_WHAT TO PRODUCE_:
Give back every line of the material below that has the string "symmetric".

--------------------

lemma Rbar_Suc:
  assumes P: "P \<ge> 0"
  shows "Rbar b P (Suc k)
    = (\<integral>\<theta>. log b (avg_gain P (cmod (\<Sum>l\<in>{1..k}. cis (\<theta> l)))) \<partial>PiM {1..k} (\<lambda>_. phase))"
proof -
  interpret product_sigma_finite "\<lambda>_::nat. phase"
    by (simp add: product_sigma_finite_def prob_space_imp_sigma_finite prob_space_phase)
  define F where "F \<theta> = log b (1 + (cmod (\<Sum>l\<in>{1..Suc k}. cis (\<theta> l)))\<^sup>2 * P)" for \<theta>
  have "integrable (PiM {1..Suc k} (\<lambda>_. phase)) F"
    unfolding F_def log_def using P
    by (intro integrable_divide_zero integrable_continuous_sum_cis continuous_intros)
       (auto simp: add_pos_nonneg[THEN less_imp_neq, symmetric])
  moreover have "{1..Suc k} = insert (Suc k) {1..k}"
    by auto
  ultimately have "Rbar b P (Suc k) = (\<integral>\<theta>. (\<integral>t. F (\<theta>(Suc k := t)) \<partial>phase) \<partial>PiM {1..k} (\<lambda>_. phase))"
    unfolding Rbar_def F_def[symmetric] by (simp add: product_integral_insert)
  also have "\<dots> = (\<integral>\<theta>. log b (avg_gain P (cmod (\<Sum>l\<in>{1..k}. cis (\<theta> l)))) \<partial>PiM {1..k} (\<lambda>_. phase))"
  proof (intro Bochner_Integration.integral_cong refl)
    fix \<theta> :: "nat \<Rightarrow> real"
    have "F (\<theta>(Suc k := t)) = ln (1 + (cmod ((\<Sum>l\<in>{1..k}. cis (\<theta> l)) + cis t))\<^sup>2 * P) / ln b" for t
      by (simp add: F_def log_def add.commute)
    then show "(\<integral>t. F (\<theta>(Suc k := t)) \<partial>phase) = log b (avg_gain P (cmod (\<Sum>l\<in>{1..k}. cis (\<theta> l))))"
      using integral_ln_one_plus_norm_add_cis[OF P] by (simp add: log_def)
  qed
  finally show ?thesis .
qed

--------------------

_RESULT OF THIS TASK_:
       (auto simp: add_pos_nonneg[THEN less_imp_neq, symmetric])
    unfolding Rbar_def F_def[symmetric] by (simp add: product_integral_insert)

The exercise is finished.